When I dipt into the future 
as human eye could see; 
Saw the Vision of the world, and 
the wonder that would be.
Alfred Lord Tennyson, 
Locksley Hall

Executive Summary

The ecological and institutional complexity of managing the read Lakes has caused the Great Lakes Fishery Commission to review current programs and to sharpen its focus on the future. This Strategic vision was produced to communicate the results of this process. It provides an explicit statement of the focus, intent, and direction of commission programs from 1991 through the year 2000 and renews the commission's conviction that an ecosystem approach is essential for successful management of the Great Lakes. A key part of this approach requires that existing relationships must be strengthened and new partnerships must be established between the Commission and its stakeholders - if the challenges of the future are to be surmounted. The strategic Vision is composed of specific statements covering three areas:
  1. Healthy Great Lakes Ecosystems,
  2. Integrated Management of Sea Lamprey, and
  3. Institutional/Stakeholder Partnerships.

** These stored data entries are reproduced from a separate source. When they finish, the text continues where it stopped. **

lemma borel_measurable_traj:
  fixes F :: "nat \<Rightarrow> 'n::euclidean_space \<Rightarrow> 'n"
  assumes "\<And>t. F t \<in> borel_measurable borel" and "\<And>t. w t \<in> borel_measurable M"
  shows "(\<lambda>\<omega>. traj F x0 t (\<lambda>k. w k \<omega>)) \<in> borel_measurable M"
proof (induction t)
  case (Suc t)
  then have "(\<lambda>\<omega>. F t (traj F x0 t (\<lambda>k. w k \<omega>))) \<in> borel_measurable M"
    using measurable_compose[OF _ assms(1)] by blast
  then show ?case
    using assms(2)[of t] by (simp add: borel_measurable_add)
qed simp

lemma indep_var_traj_noise:
  fixes F :: "nat \<Rightarrow> 'n::euclidean_space \<Rightarrow> 'n"
  assumes M: "prob_space M" and indep: "prob_space.indep_vars M (\<lambda>_. borel) w UNIV"
    and F: "\<And>t. F t \<in> borel_measurable borel"
  shows "prob_space.indep_var M borel (\<lambda>\<omega>. traj F x0 t (\<lambda>k. w k \<omega>)) borel (w t)"
proof -
  interpret prob_space M by fact
  have "indep_var (PiM {..<t} (\<lambda>_. borel)) (\<lambda>\<omega>. restrict (\<lambda>i. w i \<omega>) {..<t})
                  (PiM {t} (\<lambda>_. borel)) (\<lambda>\<omega>. restrict (\<lambda>i. w i \<omega>) {t})"
    by (rule indep_var_restrict[OF indep]) auto
  then have "indep_var borel (traj F x0 t \<circ> (\<lambda>\<omega>. restrict (\<lambda>i. w i \<omega>) {..<t}))
                       borel ((\<lambda>v. v t) \<circ> (\<lambda>\<omega>. restrict (\<lambda>i. w i \<omega>) {t}))"
    by (rule indep_var_compose[OF _ traj_measurable_PiM[OF F] measurable_component_singleton]) simp
  moreover have "traj F x0 t \<circ> (\<lambda>\<omega>. restrict (\<lambda>i. w i \<omega>) {..<t}) = (\<lambda>\<omega>. traj F x0 t (\<lambda>k. w k \<omega>))"
    unfolding comp_def by (intro ext traj_cong) simp
  moreover have "(\<lambda>v. v t) \<circ> (\<lambda>\<omega>. restrict (\<lambda>i. w i \<omega>) {t}) = w t"
    by auto
  ultimately show ?thesis
    by simp
qed

lemma psi_pos: "(\<And>k. L k > 0) \<Longrightarrow> psi L t > 0"
  unfolding psi_def by (intro prod_pos zero_less_power)

lemma Psi_nonneg: "(\<And>k. L k > 0) \<Longrightarrow> Psi L \<sigma> t \<ge> 0"
  unfolding Psi_def by (intro mult_nonneg_nonneg prod_nonneg sum_nonneg divide_nonneg_pos psi_pos) auto

lemma Psi_pos:
  assumes "\<And>k. L k > 0" "\<And>k. \<sigma> k > 0" "t \<ge> 1"
  shows "Psi L \<sigma> t > 0"
proof -
  have "0 \<in> {..<t}"
    using assms(3) by simp
  then have "{..<t} \<noteq> {}"
    by blast
  then show ?thesis
    unfolding Psi_def using assms(1,2)
    by (intro mult_pos_pos prod_pos sum_pos divide_pos_pos psi_pos zero_less_power) auto
qed

lemma Psi_Suc:
  assumes "\<And>k. L k \<noteq> 0"
  shows "Psi L \<sigma> (Suc t) = (L t)\<^sup>2 * Psi L \<sigma> t + (\<sigma> t)\<^sup>2"
proof -
  have psi_t: "psi L t = (\<Prod>k<Suc t. (L k)\<^sup>2)"
    unfolding psi_def by (simp add: lessThan_Suc_atMost)
  have "(\<Prod>k<Suc t. (L k)\<^sup>2) \<noteq> 0"
    using assms by simp
  then have "(\<Prod>k<Suc t. (L k)\<^sup>2) * ((\<sigma> t)\<^sup>2 / psi L t) = (\<sigma> t)\<^sup>2"
    unfolding psi_t by simp
  then show ?thesis
    unfolding Psi_def by (simp add: algebra_simps)
qed

lemma Psi_Suc_split:
  assumes L: "\<And>k. L k > 0" and s: "s > 0" "s * Psi L \<sigma> (Suc t) < 1"
  defines "s' \<equiv> s / (1 - s * (\<sigma> t)\<^sup>2) * (L t)\<^sup>2"
  shows "s * (\<sigma> t)\<^sup>2 < 1" and "s' > 0" and "s' * Psi L \<sigma> t < 1"
    and "(1 - s * (\<sigma> t)\<^sup>2) * (1 - s' * Psi L \<sigma> t) = 1 - s * Psi L \<sigma> (Suc t)"
proof -
  have Psi_step: "Psi L \<sigma> (Suc t) = (L t)\<^sup>2 * Psi L \<sigma> t + (\<sigma> t)\<^sup>2"
    using L by (intro Psi_Suc) (metis less_irrefl)
  have "s * ((L t)\<^sup>2 * Psi L \<sigma> t) \<ge> 0"
    using s(1) Psi_nonneg[OF L] by simp
  then show s\<sigma>: "s * (\<sigma> t)\<^sup>2 < 1"
    using s(2) unfolding Psi_step by (simp add: algebra_simps)
  then show factor: "(1 - s * (\<sigma> t)\<^sup>2) * (1 - s' * Psi L \<sigma> t) = 1 - s * Psi L \<sigma> (Suc t)"
    unfolding s'_def Psi_step by (simp add: field_simps)
  show "s' > 0"
    using s(1) s\<sigma> L[of t] by (simp add: s'_def)
  have "0 < (1 - s * (\<sigma> t)\<^sup>2) * (1 - s' * Psi L \<sigma> t)"
    using s(2) factor by simp
  then show "s' * Psi L \<sigma> t < 1"
    using s\<sigma> zero_less_mult_pos by fastforce
qed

Each vision statement has equal priority and should be interpreted in context with the other two. Associated with each vision statement are milestones that describe measurable key events that will occur by certain dates if the Commission is successfully achieving its Strategic Vision. An intensive assessment and evaluation of progress towards achievement of the Strategic Vision will be conducted twice by the Commission and completed by April 15, 1995, and April 15, 2001.

A Scene from the past--a lake sturgeon fishery.

The vision statements are:

1. Healthy Great Lakes Ecosystems

The Commission shall encourage the rehabilitation and protection of healthy aquatic ecosystems in the Great Lakes: The conservation of biological diversity through rehabilitation of native fish populations, species, communities, and their habitats has a high priority.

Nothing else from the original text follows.